There would be no justifiable reason to hold off on admitting Will's feelings for Mike outside of canon, only to admit they've been hinting at it since s1, if there wasn't actually something yet to see be revealed, making this revelation so late in the game, justifiable.
The main thing that we get from Mike being oblivious of Will's feelings, is that if Mike doesn't know, then technically he hasn't rejected Will yet. Because how can he have rejected Will if he has no idea? Answer, he can't!
And so now there is one season left and they are choosing to hold off on Mike's knowledge about Will's feelings? After they just finally admitted after 4 seasons that they've been avoiding telling us about Will's feelings, despite hints from the beginning because they didn't want to ruin the surprise?
What surprise though bro?

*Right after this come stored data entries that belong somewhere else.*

abbreviation proj :: "nat \<Rightarrow> nat \<Rightarrow> (nat list \<Rightarrow> int) \<Rightarrow> (nat list \<Rightarrow> int) set" where
  "proj d h f \<equiv> Lattice d h #>\<^bsub>ZV d h\<^esub> f"

lemma group_hom_proj: "group_hom (ZV d h) (Gdh d h) (proj d h)"
proof -
  have "Lattice d h \<lhd> ZV d h"
    by (rule comm_group.subgroup_imp_normal[OF comm_group_ZV subgroup_Lattice])
  then show ?thesis
    unfolding Gdh_def
    by (simp add: group_hom_def group_hom_axioms_def group_ZV normal.factorgroup_is_group
        normal.r_coset_hom_Mod)
qed

lemma (in group) rcos_eq_iff:
  assumes "subgroup H G" and "a \<in> carrier G" and "b \<in> carrier G"
  shows "H #> a = H #> b \<longleftrightarrow> a \<otimes> inv b \<in> H"
  using assms repr_independence[of a H b] rcos_self[of a H] subgroup.rcos_module[OF assms(1) is_group]
  by metis

lemma proj_eq_iff:
  assumes "f \<in> carrier (ZV d h)" and "g \<in> carrier (ZV d h)"
  shows "proj d h f = proj d h g \<longleftrightarrow> (\<lambda>x. f x - g x) \<in> Lattice d h"
  using group.rcos_eq_iff[OF group_ZV subgroup_Lattice assms] assms(2) by (simp add: ZV_inv)

definition ZV_upto :: "nat \<Rightarrow> nat \<Rightarrow> nat \<Rightarrow> (nat list \<Rightarrow> int) set" where
  "ZV_upto d h m = {f \<in> carrier (ZV d h). \<forall>x. m < length x \<longrightarrow> f x = 0}"

lemma ZV_upto_carrier: "f \<in> ZV_upto d h m \<Longrightarrow> f \<in> carrier (ZV d h)"
  by (simp add: ZV_upto_def)

lemma subgroup_ZV_upto: "subgroup (ZV_upto d h m) (ZV d h)"
  by (rule group.subgroupI[OF group_ZV]) (auto simp: ZV_upto_def ZV_carrier_iff ZV_inv)

lemma ZV_upto_eq_generate:
  "ZV_upto d h m = generate (ZV d h) (basis_x ` {i \<in> tree_V d h. length i \<le> m})"
  (is "_ = generate _ (basis_x ` ?B)")
proof
  show "generate (ZV d h) (basis_x ` ?B) \<subseteq> ZV_upto d h m"
    by (rule group.generate_subgroup_incl[OF group_ZV _ subgroup_ZV_upto])
      (auto simp: ZV_upto_def ZV_carrier_iff basis_x_def)
  show "ZV_upto d h m \<subseteq> generate (ZV d h) (basis_x ` ?B)"
  proof
    fix f assume f: "f \<in> ZV_upto d h m"
    have "subgroup (generate (ZV d h) (basis_x ` ?B)) (ZV d h)"
      by (rule group.generate_is_subgroup[OF group_ZV]) (auto simp: ZV_carrier_iff basis_x_def)
    then have "(\<lambda>x. \<Sum>i\<in>?B. f i * basis_x i x) \<in> generate (ZV d h) (basis_x ` ?B)"
      by (rule subgroup_ZV_lincomb_closed) (auto simp: finite_tree_V intro: generate.incl)
    moreover have "(\<Sum>i\<in>?B. f i * basis_x i x) = f x" for x
    proof -
      have "(\<Sum>i\<in>?B. f i * basis_x i x) = (\<Sum>i\<in>?B. if x = i then f i else 0)"
        by (intro sum.cong) (simp_all add: basis_x_def)
      then show ?thesis
        using f by (auto simp: ZV_upto_def ZV_carrier_iff finite_tree_V)
    qed
    ultimately show "f \<in> generate (ZV d h) (basis_x ` ?B)"
      by simp
  qed
qed
lemma Fsym_index:
  assumes "i < k" and "j < k"
  shows "Fsym z $$ (i, j) = band i j + (if i = k - 1 \<and> j = 0 then b k / z else 0)
     + (if i = 0 \<and> j = k - 1 then c k * z else 0)"
proof -
  have "Fsym z $$ (i, j) = (if i = j then a (Suc i) else 0) + (if j = Suc i then b (Suc i) else 0)
      + (if i = Suc j then c (Suc j) else 0) + (if i = k - 1 \<and> j = 0 then b k / z else 0)
      + (if i = 0 \<and> j = k - 1 then c k * z else 0) - (if i = j then lam else 0)"
    using assms by (simp add: Fsym_def symbol_mat_def split del: if_split) simp
  then show ?thesis
    by (cases "i = j") (simp_all add: band_def split del: if_split)
qed

lemma Fsym_mult_vec_index:
  assumes "i < k"
  shows "(Fsym z *\<^sub>v vec k v) $ i = (a (Suc i) - lam) * v i
     + (if Suc i < k then b (Suc i) * v (Suc i) else 0) + (if 0 < i then c i * v (i - 1) else 0)
     + (if i = k - 1 then b k / z * v 0 else 0) + (if i = 0 then c k * z * v (k - 1) else 0)"
proof -
  have "(Fsym z *\<^sub>v vec k v) $ i = (\<Sum>j<k. Fsym z $$ (i, j) * v j)"
    using assms Fsym_carrier[of z] by (simp add: scalar_prod_def lessThan_atLeast0)
  also have "\<dots> = (\<Sum>j<k. (if j = i then a (Suc i) - lam else 0) * v j)
      + (\<Sum>j<k. (if j = Suc i then b (Suc i) else 0) * v j)
      + (\<Sum>j<k. (if j = i - 1 then (if 0 < i then c i else 0) else 0) * v j)
      + (\<Sum>j<k. (if j = 0 then (if i = k - 1 then b k / z else 0) else 0) * v j)
      + (\<Sum>j<k. (if j = k - 1 then (if i = 0 then c k * z else 0) else 0) * v j)"
    unfolding sum.distrib[symmetric]
  proof (intro sum.cong refl)
    fix j
    assume "j \<in> {..<k}"
    have "(if i = Suc j then c (Suc j) else 0) = (if j = i - 1 then (if 0 < i then c i else 0) else 0)"
      by auto
    moreover have "(if i = k - 1 \<and> j = 0 then b k / z else 0) = (if j = 0 then (if i = k - 1 then b k / z else 0) else 0)"
      and "(if i = 0 \<and> j = k - 1 then c k * z else 0) = (if j = k - 1 then (if i = 0 then c k * z else 0) else 0)"
      by simp_all
    ultimately show "Fsym z $$ (i, j) * v j = (if j = i then a (Suc i) - lam else 0) * v j
      + (if j = Suc i then b (Suc i) else 0) * v j
      + (if j = i - 1 then (if 0 < i then c i else 0) else 0) * v j
      + (if j = 0 then (if i = k - 1 then b k / z else 0) else 0) * v j
      + (if j = k - 1 then (if i = 0 then c k * z else 0) else 0) * v j"
      using \<open>j \<in> {..<k}\<close> assms
      by (simp add: Fsym_index band_def eq_commute[of i j] distrib_right split del: if_split)
  qed
  moreover have "i - 1 < k" and "0 < k"
    using assms by simp_all
  ultimately show ?thesis
    using assms by (simp add: sum_if_eq_mult)
qed
lemma sum_inverse_squares_cong_1_le:
  assumes "q \<ge> 1" "finite P" "\<And>p. p \<in> P \<Longrightarrow> q < p \<and> q dvd p - 1"
  shows "(\<Sum>p\<in>P. 1 / real p ^ 2) \<le> pi ^ 2 / 6 / real q ^ 2"
proof (rule sum_inverse_squares_multiples_le [where k = "\<lambda>p. (p - 1) div q"])
  show "inj_on (\<lambda>p. (p - 1) div q) P"
  proof (rule inj_onI)
    fix x y
    assume "x \<in> P" "y \<in> P" "(x - 1) div q = (y - 1) div q"
    then have "x - 1 = y - 1" "x > 0" "y > 0"
      using assms(3) by (metis dvd_mult_div_cancel, fastforce+)
    then show "x = y"
      by simp
  qed
  fix p
  assume "p \<in> P"
  define k where "k = (p - 1) div q"
  have "p - 1 = q * k" "p > q"
    using assms(3) [OF \<open>p \<in> P\<close>] by (auto simp: k_def)
  then have "1 \<le> k" "k * q \<le> p"
    using \<open>q \<ge> 1\<close> by (cases k; simp add: mult.commute)+
  then show "1 \<le> k \<and> real k * real q \<le> real p"
    by (metis of_nat_le_iff of_nat_mult)
qed fact+
lemma cap_Bf_x_tau_cup:
  assumes g: "arr g" "src g = B V" "trg g = B V"
  shows "cmp C (\<epsilon> (B V)) (Bf (cmp C (cmp C (x (B V)) (\<tau> V)) (cmp C (Bf g) (\<eta> V))))
    = msc C (-1) (cmp C (twist V g) (x V))"
proof -
  let ?h = "cmp C (Bf g) (\<eta> V)"
  have twist_g: "arr (twist V g)" "src (twist V g) = B V" "trg (twist V g) = B V"
    using twist_simps[OF g] by auto
  have "cmp C (\<tau> V) ?h = cmp C (Bf (twist V g)) (\<eta> V)"
    using Bf_cap_Bf_cup_cancel[of "cmp C (\<tau> V) ?h" V] g unfolding twist_def by simp
  then have "cmp C (cmp C (x (B V)) (\<tau> V)) ?h = cmp C (x (B V)) (cmp C (Bf (twist V g)) (\<eta> V))"
    using g by simp
  also have "\<dots> = cmp C (cmp C (x (B V)) (Bf (twist V g))) (\<eta> V)" using twist_g by simp
  also have "cmp C (x (B V)) (Bf (twist V g)) = cmp C (Bf (twist V g)) (x (B V))"
    using x_natural[of "twist V g"] twist_g by simp
  also have "cmp C (cmp C (Bf (twist V g)) (x (B V))) (\<eta> V)
      = cmp C (Bf (twist V g)) (cmp C (x (B V)) (\<eta> V))"
    using twist_g by simp
  also have "\<dots> = msc C (-1) (cmp C (Bf (cmp C (twist V g) (x V))) (\<eta> V))"
    using twist_g by (simp add: x_cup)
  finally have "cmp C (\<epsilon> (B V)) (Bf (cmp C (cmp C (x (B V)) (\<tau> V)) ?h))
      = msc C (-1) (cmp C (\<epsilon> (B V)) (Bf (cmp C (Bf (cmp C (twist V g) (x V))) (\<eta> V))))"
    using twist_g by simp
  also have "cmp C (\<epsilon> (B V)) (Bf (cmp C (Bf (cmp C (twist V g) (x V))) (\<eta> V))) = cmp C (twist V g) (x V)"
    by (rule cap_Bf_Bf_cup_cancel) (simp_all add: twist_g)
  finally show ?thesis .
qed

Slow-burn unrequited love??? There isn't any such thing. Because that wouldn't be satisfying!
It takes us right back to the line Will makes in s3 (mid-series) to Joyce about how he's never gonna fall in love. It's not that he doesn't want to or even hasn't yet at all, it's that he doesn't believe experiencing mutual love with the person he has feelings for is in the cards for him, bc odds are, that person is going to be straight.
But... How is it satisfying to hold off on even admitting Will's feelings for Mike until the second to last season, only to hold off on Mike's POV of the situation until the last season, just to say at the last minute, Well, Will, you were right!...? Like, no.
And so I genuinely think the same thing they did with Will is happening to Mike in a sense, in that by sort of dancing around the situation with answers that don't even allow you to answer the question, by saying Mike is clueless, they can avoid delving into what exactly Mike would think. They can just say Oh of course he will accept Will and leave it at that.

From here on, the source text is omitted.